Sloan Research Grant 2020-2021:

How to Define and Detect Regime Shifts

The analysis of market mechanisms has a long history. In 1905, Louis Bachelier established that prices on financial markets follow a random walk: neither buyers nor sellers can systematically make a profit. It was in this vein that Paul Samuelson built a definition in response to an empirical study that revealed the random character of stock prices, providing the mathematical foundation for what has become known as the efficient-market hypothesis.

The early work of Benoît Mandelbrot showed that an efficient market situation with uncorrelated returns may not be observed and that long-range correlations and heavy-tailed return distributions may be typical. This analysis contrasts with the seminal work of Fischer Black and Myron Scholes. The strong impact of their work can partly be explained by the explicit approaches it provides for pricing and hedging. The Black-and-Scholes theory and associated pricing models assume a situation in which future returns are uncorrelated with respect to past information. Is it possible to reconcile such contradictory theories?
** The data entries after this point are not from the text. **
lemma integrable_trajectory: "j \<le> Suc k \<Longrightarrow> integrable M (x j) \<and> integrable M (xhat j)"
proof (induction j rule: less_induct)
  case (less j)
  show ?case
  proof (cases j)
    case 0
    have "integrable M (x 0)"
      using gaussian_vec_inner_moments(1)[OF x0_gauss, of "axis _ 1"]
      by (intro integrable_vec_lambda) (simp add: inner_axis')
    then show ?thesis using 0 est0 by (simp cong: Bochner_Integration.integrable_cong)
  next
    case (Suc i)
    then have x: "\<And>i'. i' \<le> i \<Longrightarrow> integrable M (x i')" and xhat: "\<And>i'. i' \<le> i \<Longrightarrow> integrable M (xhat i')"
      using less by auto
    have u: "\<And>i'. i' \<le> i \<Longrightarrow> integrable M (u i')"
      using Suc less.prems kN integrable_u xhat by simp
    have "integrable M (\<lambda>\<omega>. A *v x i \<omega> + B *v u i \<omega> + w i \<omega>)"
      using x[of i] u[of i] integrable_vec_lambda[OF noise_nth_moments(1)]
      by (intro Bochner_Integration.integrable_add integrable_matrix_vector_mult) auto
    then show ?thesis
      using Suc dyn integrable_xhat_Suc[of i, OF _ x u xhat] less.prems
      by (simp cong: Bochner_Integration.integrable_cong)
  qed
qed

lemma integrable_x: "j \<le> Suc k \<Longrightarrow> integrable M (x j)"
  and integrable_xhat: "j \<le> Suc k \<Longrightarrow> integrable M (xhat j)"
  using integrable_trajectory by auto

section \<open>Splitting off the noise\<close>

definition noise_sum :: "nat \<Rightarrow> nat \<Rightarrow> 'a \<Rightarrow> real^'n" where
  "noise_sum j c \<omega> = (\<Sum>t<c. matpow A t *v w (j - t) \<omega>)"

definition xcheck :: "'a \<Rightarrow> real^'n" where
  "xcheck \<omega> = matpow A (zeta \<tau> k \<omega>) *v x (k - zeta \<tau> k \<omega>) \<omega>
     + (\<Sum>t<zeta \<tau> k \<omega>. matpow A t *v (B *v u (k - 1 - t) \<omega>))"

definition err :: "'a \<Rightarrow> real^'n" where
  "err \<omega> = x (Suc k) \<omega> - xhat (Suc k) \<omega>"

definition err_mean :: "'a \<Rightarrow> real^'n" where
  "err_mean \<omega> = (if \<delta> k \<omega> then 0 else A *v (xcheck \<omega> - xhat k \<omega>))"

lemma x_unroll:
  assumes "n \<le> j" "\<omega> \<in> space M"
  shows "x j \<omega> = matpow A n *v x (j - n) \<omega> + (\<Sum>t<n. matpow A t *v (B *v u (j - 1 - t) \<omega>))
                 + noise_sum (j - 1) n \<omega>"
  using assms(1)
proof (induction n)
  case (Suc n)
  have "j - n = Suc (j - Suc n)" using Suc.prems by simp
  then have "x (j - n) \<omega> = A *v x (j - Suc n) \<omega> + B *v u (j - Suc n) \<omega> + w (j - Suc n) \<omega>"
    using dyn assms(2) by simp
  then have "matpow A n *v x (j - n) \<omega> = matpow A (Suc n) *v x (j - Suc n) \<omega>
        + matpow A n *v (B *v u (j - 1 - n) \<omega>) + matpow A n *v w (j - 1 - n) \<omega>"
    by (simp add: matrix_vector_right_distrib matpow_mult_vector_Suc del: matpow.simps)
  with Suc show ?case by (simp add: noise_sum_def algebra_simps del: matpow.simps)
qed (simp add: noise_sum_def)

lemma x_k_eq_xcheck_add_noise: "\<omega> \<in> space M \<Longrightarrow> x k \<omega> = xcheck \<omega> + noise_sum (k - 1) (zeta \<tau> k \<omega>) \<omega>"
  using x_unroll[OF zeta_le] by (simp add: xcheck_def add.assoc)

lemma noise_sum_Suc: "noise_sum j (Suc c) \<omega> = w j \<omega> + A *v noise_sum (j - 1) c \<omega>"
proof -
  have "noise_sum j (Suc c) \<omega> = w j \<omega> + (\<Sum>t<c. matpow A (Suc t) *v w (j - Suc t) \<omega>)"
    unfolding noise_sum_def by (subst sum.lessThan_Suc_shift) simp
  also have "\<dots> = w j \<omega> + (\<Sum>t<c. A *v (matpow A t *v w (j - 1 - t) \<omega>))"
    by (simp add: matrix_vector_mul_assoc)
  also have "\<dots> = w j \<omega> + A *v noise_sum (j - 1) c \<omega>"
    unfolding noise_sum_def by (simp add: real_vector.linear_sum[OF matrix_vector_mul_linear])
  finally show ?thesis .
qed

lemma err_eq_err_mean_add_noise:
  assumes "\<omega> \<in> space M"
  shows "err \<omega> = err_mean \<omega> + noise_sum k (Suc (zeta \<tau> k \<omega>)) \<omega>"
proof (cases "\<delta> k \<omega>")
  case True
  let ?z = "zeta \<tau> k \<omega>"
  have "x (Suc k) \<omega> = matpow A (Suc ?z) *v x (k - ?z) \<omega> + (\<Sum>t<Suc ?z. matpow A t *v (B *v u (k - t) \<omega>))
      + noise_sum k (Suc ?z) \<omega>"
    using x_unroll[of "Suc ?z" "Suc k" \<omega>] zeta_le[of \<tau> k \<omega>] assms by simp
  moreover have "xhat (Suc k) \<omega> = matpow A (Suc ?z) *v x (k - ?z) \<omega> + (\<Sum>t<Suc ?z. matpow A t *v (B *v u (k - t) \<omega>))"
    using est assms True by (simp add: lessThan_Suc_atMost del: matpow.simps)
  ultimately show ?thesis using True by (simp add: err_def err_mean_def del: matpow.simps)
next
  case False
  have "x (Suc k) \<omega> = A *v x k \<omega> + B *v u k \<omega> + w k \<omega>" "xhat (Suc k) \<omega> = A *v xhat k \<omega> + B *v u k \<omega>"
    using dyn est assms False by simp_all
  then have "err \<omega> = A *v (xcheck \<omega> - xhat k \<omega>) + (w k \<omega> + A *v noise_sum (k - 1) (zeta \<tau> k \<omega>) \<omega>)"
    using x_k_eq_xcheck_add_noise[OF assms]
    by (simp add: err_def matrix_vector_right_distrib matrix_vector_mult_diff_distrib algebra_simps)
  then show ?thesis using False by (simp add: err_mean_def noise_sum_Suc)
qed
The project, supported by the Alfred P. Sloan Foundation, addresses the question of how deviations from an idealized efficient market situation can be understood from both economic and mathematical viewpoints. Appropriate tools are being developed for analysing historical data, with the aim of detecting such inefficiencies and developing market models that take into account such information. The project is interdisciplinary in nature. It is motivated and driven by data analysis and seeks to understand, from an economic perspective, the resulting observations. Sophisticated mathematical and probabilistic modelling is being developed to capture the essence of such markets. The data used to date come from the period following the establishment of the Black–Scholes framework; data from the pre-Black–Scholes period are also under examination. From a statistical viewpoint, modelling and analysis of locally stationary processes via time-frequency analysis are central ingredients. The modelling is carried out in terms of multifractal stochastic processes, where both a time-varying “memory effect” of returns and local market volatility can be incorporated. From an economic perspective, a method is being developed to understand what mathematicians call “intermittent” markets, mainly quiet periods that occasionally turn into periods of intense activity. The method focuses on characterizing such periods and on understanding how they can be correlated with specific economic conditions. How can these periods – for instance, in crude oil prices – be explained via collective behavior resulting from actions of small and large agents in the market place?